● Task item:
From the first line through the one containing "using decision_sets_subset[OF dec", restate the listing word for word, and give no other lines.

● Exercise material:
-- -- --

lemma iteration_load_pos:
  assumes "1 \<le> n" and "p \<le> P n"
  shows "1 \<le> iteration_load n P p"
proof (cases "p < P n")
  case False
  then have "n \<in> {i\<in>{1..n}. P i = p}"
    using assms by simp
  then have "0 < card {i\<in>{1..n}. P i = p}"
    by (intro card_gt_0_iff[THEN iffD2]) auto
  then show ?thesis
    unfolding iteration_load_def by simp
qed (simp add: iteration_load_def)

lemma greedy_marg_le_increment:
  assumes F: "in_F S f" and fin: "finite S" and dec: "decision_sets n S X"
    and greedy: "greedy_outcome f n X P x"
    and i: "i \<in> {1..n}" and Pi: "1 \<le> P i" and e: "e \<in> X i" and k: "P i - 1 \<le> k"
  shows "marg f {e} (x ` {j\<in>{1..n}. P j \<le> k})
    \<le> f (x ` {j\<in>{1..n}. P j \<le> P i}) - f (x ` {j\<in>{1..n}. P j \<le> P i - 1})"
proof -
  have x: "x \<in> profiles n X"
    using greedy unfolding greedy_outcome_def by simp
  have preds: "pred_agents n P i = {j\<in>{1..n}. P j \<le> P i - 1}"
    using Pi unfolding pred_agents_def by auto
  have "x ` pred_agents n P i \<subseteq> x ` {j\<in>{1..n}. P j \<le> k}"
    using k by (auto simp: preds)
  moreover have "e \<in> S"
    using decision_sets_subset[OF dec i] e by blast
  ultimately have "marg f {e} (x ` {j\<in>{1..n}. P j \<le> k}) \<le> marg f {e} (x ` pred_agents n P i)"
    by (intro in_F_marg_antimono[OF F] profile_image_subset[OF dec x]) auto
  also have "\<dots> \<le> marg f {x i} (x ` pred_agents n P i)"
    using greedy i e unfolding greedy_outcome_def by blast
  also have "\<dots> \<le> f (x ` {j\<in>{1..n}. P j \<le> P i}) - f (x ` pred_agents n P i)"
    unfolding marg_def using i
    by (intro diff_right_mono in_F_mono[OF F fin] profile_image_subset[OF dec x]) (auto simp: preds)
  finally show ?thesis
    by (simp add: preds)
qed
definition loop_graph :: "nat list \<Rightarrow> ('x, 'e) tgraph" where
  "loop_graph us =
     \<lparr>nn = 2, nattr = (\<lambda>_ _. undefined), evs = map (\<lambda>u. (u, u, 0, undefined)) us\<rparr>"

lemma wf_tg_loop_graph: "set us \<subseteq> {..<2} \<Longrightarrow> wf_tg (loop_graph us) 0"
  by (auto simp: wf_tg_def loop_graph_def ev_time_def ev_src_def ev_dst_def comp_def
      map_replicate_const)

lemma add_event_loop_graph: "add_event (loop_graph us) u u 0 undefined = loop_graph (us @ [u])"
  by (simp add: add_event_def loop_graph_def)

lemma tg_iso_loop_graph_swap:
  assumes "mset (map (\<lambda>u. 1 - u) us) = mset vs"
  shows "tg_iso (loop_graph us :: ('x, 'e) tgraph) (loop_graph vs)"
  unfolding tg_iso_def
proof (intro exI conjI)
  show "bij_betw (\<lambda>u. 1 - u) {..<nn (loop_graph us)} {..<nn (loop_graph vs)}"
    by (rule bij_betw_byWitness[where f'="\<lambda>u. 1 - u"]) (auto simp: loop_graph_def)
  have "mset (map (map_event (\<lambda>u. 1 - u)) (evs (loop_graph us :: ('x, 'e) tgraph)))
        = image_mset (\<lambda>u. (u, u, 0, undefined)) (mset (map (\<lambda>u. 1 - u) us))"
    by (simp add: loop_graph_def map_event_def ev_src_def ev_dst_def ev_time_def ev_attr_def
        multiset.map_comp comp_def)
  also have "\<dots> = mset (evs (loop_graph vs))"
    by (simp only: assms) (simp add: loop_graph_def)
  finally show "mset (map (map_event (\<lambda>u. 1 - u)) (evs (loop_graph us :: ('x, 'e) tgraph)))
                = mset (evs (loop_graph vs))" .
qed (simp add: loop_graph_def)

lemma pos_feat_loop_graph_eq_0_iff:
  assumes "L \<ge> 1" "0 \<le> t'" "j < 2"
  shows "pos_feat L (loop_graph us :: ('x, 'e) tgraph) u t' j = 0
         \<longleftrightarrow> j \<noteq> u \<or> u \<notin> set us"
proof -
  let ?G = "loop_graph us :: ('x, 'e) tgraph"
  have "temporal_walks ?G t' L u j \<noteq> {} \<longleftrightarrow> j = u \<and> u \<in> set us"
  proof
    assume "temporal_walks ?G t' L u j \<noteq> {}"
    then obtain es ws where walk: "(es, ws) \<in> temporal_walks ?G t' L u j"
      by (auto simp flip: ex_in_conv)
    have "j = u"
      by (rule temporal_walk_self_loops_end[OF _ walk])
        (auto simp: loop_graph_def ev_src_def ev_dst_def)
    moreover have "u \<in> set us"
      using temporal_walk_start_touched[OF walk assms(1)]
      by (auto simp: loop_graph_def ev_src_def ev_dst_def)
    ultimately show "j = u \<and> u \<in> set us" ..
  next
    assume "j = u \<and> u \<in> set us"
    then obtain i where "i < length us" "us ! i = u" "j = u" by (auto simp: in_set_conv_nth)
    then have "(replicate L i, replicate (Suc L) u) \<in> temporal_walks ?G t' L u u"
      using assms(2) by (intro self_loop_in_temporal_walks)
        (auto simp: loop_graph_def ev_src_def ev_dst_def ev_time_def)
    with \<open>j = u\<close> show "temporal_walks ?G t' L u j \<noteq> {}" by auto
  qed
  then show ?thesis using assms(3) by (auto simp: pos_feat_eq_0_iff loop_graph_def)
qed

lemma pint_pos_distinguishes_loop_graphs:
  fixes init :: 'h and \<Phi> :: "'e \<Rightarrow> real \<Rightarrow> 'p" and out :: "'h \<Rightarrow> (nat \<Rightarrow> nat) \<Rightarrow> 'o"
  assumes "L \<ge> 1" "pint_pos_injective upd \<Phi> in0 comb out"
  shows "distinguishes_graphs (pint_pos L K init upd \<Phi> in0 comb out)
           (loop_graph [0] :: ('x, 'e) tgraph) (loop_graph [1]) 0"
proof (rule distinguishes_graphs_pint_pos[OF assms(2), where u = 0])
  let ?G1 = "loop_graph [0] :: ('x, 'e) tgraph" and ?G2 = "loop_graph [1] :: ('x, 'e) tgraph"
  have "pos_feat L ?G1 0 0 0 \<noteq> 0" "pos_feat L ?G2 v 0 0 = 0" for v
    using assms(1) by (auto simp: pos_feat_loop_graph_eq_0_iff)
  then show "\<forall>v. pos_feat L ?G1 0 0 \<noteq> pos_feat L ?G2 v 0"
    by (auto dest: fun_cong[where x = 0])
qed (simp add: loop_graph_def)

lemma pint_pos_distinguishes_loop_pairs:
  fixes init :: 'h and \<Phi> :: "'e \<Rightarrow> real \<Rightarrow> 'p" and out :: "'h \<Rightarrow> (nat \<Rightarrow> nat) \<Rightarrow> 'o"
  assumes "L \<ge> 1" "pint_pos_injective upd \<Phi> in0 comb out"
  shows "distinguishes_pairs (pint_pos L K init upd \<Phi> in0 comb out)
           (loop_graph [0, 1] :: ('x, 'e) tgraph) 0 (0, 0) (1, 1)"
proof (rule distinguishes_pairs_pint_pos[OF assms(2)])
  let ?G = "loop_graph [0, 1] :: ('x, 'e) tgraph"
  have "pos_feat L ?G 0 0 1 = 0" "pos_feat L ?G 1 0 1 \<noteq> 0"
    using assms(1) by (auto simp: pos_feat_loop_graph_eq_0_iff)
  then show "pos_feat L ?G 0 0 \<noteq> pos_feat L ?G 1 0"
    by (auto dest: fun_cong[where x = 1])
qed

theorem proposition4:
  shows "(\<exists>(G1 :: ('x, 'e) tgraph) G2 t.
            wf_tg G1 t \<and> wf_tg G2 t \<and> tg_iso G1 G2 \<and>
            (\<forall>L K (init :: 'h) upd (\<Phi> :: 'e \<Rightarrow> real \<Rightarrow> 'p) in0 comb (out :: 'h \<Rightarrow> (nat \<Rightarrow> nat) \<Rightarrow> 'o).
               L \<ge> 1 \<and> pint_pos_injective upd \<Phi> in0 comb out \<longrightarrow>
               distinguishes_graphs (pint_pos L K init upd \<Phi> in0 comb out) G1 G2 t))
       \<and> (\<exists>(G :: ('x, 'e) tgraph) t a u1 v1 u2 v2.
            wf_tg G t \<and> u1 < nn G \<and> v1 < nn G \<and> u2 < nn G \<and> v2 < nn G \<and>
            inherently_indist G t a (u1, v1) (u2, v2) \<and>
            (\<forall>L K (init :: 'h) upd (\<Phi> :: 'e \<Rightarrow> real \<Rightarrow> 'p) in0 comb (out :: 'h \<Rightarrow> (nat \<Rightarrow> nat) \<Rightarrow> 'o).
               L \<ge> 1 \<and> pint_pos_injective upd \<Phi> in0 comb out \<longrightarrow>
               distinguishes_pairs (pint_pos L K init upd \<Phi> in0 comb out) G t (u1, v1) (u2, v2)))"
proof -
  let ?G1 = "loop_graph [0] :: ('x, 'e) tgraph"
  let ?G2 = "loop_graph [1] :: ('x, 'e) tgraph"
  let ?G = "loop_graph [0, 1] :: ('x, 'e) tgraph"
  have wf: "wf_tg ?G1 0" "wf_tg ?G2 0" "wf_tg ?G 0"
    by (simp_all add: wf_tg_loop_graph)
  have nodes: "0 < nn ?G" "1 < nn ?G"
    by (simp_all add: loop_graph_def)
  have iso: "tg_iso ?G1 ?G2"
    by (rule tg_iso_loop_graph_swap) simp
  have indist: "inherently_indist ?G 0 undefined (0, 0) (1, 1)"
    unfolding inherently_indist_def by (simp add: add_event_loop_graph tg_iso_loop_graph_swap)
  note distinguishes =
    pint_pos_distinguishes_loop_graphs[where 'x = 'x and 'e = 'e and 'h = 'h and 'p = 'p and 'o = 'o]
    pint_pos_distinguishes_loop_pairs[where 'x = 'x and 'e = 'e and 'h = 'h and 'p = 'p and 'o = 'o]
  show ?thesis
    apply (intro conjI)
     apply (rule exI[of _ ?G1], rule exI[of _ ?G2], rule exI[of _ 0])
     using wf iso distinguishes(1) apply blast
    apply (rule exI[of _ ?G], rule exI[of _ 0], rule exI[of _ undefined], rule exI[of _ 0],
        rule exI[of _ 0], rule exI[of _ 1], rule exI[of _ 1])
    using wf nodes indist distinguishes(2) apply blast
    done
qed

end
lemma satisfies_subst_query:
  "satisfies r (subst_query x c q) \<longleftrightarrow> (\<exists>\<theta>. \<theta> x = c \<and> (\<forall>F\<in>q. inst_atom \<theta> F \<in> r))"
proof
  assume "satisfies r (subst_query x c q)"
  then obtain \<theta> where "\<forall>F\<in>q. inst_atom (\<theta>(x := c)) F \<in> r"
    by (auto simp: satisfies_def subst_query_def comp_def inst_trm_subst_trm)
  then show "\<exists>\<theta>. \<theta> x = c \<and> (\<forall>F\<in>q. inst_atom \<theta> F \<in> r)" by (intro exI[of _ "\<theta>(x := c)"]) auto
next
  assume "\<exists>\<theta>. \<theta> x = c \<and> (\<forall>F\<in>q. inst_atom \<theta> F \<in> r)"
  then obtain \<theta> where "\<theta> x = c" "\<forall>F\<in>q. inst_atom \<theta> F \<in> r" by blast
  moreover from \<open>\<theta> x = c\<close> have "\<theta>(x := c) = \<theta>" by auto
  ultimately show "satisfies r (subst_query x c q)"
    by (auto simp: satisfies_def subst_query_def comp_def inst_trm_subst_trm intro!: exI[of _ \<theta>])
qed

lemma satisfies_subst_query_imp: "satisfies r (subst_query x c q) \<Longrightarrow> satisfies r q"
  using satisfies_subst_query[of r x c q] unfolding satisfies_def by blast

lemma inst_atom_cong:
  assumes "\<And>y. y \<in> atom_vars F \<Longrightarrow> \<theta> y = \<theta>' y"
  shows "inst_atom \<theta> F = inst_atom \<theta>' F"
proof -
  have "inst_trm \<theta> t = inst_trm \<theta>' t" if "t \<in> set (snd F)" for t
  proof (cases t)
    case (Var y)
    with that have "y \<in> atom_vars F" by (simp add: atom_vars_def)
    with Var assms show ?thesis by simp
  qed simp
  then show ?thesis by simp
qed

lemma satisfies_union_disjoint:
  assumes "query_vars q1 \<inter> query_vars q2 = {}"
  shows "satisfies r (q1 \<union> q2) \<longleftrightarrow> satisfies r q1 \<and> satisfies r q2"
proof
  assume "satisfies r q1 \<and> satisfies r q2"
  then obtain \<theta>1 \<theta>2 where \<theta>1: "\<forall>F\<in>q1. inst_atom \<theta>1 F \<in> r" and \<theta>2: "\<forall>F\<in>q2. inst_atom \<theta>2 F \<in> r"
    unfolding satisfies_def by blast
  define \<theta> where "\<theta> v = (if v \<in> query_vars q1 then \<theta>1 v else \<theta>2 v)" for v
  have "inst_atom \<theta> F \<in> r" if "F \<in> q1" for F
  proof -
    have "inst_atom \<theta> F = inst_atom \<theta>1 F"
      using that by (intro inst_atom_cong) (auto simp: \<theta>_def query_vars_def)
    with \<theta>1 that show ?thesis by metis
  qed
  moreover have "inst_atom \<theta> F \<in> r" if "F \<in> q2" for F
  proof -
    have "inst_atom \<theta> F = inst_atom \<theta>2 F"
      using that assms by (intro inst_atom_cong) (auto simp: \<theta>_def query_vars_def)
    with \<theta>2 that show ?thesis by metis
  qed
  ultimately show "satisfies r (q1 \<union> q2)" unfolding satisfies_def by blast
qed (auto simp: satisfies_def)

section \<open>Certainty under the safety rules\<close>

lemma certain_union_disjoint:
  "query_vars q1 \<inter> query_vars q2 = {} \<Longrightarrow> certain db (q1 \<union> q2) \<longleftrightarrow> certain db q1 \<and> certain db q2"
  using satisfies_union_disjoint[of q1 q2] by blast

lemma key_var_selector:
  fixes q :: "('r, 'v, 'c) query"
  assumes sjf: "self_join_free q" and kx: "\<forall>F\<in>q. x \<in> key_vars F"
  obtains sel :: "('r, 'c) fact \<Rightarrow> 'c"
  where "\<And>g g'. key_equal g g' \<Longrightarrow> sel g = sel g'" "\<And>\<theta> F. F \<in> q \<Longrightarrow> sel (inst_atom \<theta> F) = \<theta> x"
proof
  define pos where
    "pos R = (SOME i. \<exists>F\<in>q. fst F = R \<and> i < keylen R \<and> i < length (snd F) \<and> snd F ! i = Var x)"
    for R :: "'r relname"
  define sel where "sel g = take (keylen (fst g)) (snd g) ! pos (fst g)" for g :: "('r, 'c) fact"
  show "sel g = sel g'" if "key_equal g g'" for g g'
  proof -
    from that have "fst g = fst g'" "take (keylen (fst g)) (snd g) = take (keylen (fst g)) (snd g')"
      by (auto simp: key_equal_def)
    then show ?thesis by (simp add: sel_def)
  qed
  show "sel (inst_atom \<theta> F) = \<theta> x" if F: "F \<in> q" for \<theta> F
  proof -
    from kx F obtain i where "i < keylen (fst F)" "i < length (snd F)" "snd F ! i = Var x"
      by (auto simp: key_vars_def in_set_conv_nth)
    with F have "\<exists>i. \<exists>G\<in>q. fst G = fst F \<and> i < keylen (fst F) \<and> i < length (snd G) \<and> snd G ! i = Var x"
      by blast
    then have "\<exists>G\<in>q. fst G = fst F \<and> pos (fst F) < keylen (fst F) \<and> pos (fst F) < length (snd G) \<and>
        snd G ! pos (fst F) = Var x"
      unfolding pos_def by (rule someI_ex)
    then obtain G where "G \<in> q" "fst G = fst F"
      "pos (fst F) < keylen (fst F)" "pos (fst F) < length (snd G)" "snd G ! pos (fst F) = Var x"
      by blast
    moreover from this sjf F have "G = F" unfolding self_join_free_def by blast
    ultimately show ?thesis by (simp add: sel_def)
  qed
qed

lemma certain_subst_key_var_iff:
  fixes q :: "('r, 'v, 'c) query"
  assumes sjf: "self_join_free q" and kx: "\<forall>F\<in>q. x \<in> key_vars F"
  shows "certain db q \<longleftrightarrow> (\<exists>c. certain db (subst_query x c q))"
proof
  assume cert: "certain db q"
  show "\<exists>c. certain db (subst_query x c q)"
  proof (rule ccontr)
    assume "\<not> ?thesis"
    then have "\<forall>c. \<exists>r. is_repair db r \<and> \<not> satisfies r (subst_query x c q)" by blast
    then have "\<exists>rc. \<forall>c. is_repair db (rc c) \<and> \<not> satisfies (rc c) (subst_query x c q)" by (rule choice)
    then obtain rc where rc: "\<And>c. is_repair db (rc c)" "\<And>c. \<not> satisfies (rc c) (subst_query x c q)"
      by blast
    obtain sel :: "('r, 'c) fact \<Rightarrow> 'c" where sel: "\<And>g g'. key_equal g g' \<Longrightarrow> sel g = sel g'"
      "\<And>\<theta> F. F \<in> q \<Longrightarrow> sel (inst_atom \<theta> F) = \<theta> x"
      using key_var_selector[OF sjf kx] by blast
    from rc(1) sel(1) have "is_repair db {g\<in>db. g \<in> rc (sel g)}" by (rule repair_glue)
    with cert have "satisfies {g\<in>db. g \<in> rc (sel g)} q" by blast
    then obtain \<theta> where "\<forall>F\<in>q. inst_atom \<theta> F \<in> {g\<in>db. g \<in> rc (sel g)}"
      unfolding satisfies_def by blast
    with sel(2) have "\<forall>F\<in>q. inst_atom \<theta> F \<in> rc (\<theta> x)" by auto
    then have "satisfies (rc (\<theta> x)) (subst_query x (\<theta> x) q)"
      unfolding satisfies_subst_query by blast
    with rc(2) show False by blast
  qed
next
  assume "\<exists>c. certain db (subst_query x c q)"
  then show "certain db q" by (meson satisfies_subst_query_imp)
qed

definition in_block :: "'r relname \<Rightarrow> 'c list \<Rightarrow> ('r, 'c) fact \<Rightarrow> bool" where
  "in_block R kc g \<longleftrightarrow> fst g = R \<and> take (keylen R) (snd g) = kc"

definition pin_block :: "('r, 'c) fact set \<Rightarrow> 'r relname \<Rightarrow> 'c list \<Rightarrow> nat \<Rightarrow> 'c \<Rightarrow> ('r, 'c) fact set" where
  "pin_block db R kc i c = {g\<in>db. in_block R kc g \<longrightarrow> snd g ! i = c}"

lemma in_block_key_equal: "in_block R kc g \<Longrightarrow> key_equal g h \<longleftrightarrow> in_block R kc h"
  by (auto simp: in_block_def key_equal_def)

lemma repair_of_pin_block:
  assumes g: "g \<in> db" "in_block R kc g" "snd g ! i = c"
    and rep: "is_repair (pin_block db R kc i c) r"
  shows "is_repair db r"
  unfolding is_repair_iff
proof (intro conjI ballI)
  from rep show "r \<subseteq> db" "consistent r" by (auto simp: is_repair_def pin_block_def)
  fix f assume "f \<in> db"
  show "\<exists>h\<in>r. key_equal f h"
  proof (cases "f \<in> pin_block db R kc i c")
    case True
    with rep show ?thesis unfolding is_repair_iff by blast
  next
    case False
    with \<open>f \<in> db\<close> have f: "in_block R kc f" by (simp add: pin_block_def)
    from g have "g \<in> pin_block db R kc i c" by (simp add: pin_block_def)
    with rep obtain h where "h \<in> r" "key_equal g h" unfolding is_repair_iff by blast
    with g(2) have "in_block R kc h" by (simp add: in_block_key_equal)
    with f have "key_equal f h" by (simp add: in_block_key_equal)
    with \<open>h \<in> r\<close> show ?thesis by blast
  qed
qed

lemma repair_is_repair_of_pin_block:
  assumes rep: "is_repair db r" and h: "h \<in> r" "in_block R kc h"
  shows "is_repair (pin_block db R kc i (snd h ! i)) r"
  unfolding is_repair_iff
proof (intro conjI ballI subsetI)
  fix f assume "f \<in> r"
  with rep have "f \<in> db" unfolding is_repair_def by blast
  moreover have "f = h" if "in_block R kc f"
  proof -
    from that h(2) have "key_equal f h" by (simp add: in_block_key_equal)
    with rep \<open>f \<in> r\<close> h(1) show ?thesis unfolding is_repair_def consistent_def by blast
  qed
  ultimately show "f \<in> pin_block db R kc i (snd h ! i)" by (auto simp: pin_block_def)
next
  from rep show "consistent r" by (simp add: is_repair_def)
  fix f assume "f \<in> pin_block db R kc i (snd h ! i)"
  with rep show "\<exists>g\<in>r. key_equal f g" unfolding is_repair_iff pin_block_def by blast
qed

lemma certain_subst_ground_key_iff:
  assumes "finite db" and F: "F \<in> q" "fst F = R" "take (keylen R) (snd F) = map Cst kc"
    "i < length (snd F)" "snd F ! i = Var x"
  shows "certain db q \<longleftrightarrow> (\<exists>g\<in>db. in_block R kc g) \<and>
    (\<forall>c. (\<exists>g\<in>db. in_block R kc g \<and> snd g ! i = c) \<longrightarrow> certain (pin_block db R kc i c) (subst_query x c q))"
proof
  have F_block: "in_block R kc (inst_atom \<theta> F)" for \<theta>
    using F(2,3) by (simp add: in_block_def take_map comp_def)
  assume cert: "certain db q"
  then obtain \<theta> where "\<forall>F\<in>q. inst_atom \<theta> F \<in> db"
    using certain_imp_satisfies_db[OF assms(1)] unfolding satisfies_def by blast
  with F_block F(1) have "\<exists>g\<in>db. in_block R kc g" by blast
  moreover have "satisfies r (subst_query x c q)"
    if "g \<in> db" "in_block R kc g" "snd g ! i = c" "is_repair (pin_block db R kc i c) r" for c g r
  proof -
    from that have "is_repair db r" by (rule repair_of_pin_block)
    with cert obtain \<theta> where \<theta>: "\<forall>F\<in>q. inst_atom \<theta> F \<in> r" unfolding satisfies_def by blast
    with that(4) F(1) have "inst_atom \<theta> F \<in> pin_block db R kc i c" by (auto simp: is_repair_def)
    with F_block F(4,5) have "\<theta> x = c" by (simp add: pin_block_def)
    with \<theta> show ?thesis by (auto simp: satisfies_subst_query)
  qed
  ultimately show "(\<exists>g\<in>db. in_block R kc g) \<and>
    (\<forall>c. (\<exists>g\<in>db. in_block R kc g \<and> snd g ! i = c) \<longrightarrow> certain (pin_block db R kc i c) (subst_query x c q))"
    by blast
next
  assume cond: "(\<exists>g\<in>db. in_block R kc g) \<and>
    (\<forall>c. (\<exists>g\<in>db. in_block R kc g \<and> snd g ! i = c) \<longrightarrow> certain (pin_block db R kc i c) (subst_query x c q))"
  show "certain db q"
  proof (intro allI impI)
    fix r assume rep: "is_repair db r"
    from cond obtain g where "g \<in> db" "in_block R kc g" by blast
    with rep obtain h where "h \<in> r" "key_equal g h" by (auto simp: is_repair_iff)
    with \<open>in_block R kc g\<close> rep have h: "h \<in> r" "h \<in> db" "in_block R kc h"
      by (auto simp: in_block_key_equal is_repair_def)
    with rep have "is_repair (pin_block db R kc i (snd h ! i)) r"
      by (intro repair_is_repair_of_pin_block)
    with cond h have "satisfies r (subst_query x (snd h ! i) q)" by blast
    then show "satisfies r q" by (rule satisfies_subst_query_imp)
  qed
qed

-- -- --

● Exercise output:
lemma iteration_load_pos:
  assumes "1 \<le> n" and "p \<le> P n"
  shows "1 \<le> iteration_load n P p"
proof (cases "p < P n")
  case False
  then have "n \<in> {i\<in>{1..n}. P i = p}"
    using assms by simp
  then have "0 < card {i\<in>{1..n}. P i = p}"
    by (intro card_gt_0_iff[THEN iffD2]) auto
  then show ?thesis
    unfolding iteration_load_def by simp
qed (simp add: iteration_load_def)

lemma greedy_marg_le_increment:
  assumes F: "in_F S f" and fin: "finite S" and dec: "decision_sets n S X"
    and greedy: "greedy_outcome f n X P x"
    and i: "i \<in> {1..n}" and Pi: "1 \<le> P i" and e: "e \<in> X i" and k: "P i - 1 \<le> k"
  shows "marg f {e} (x ` {j\<in>{1..n}. P j \<le> k})
    \<le> f (x ` {j\<in>{1..n}. P j \<le> P i}) - f (x ` {j\<in>{1..n}. P j \<le> P i - 1})"
proof -
  have x: "x \<in> profiles n X"
    using greedy unfolding greedy_outcome_def by simp
  have preds: "pred_agents n P i = {j\<in>{1..n}. P j \<le> P i - 1}"
    using Pi unfolding pred_agents_def by auto
  have "x ` pred_agents n P i \<subseteq> x ` {j\<in>{1..n}. P j \<le> k}"
    using k by (auto simp: preds)
  moreover have "e \<in> S"
    using decision_sets_subset[OF dec i] e by blast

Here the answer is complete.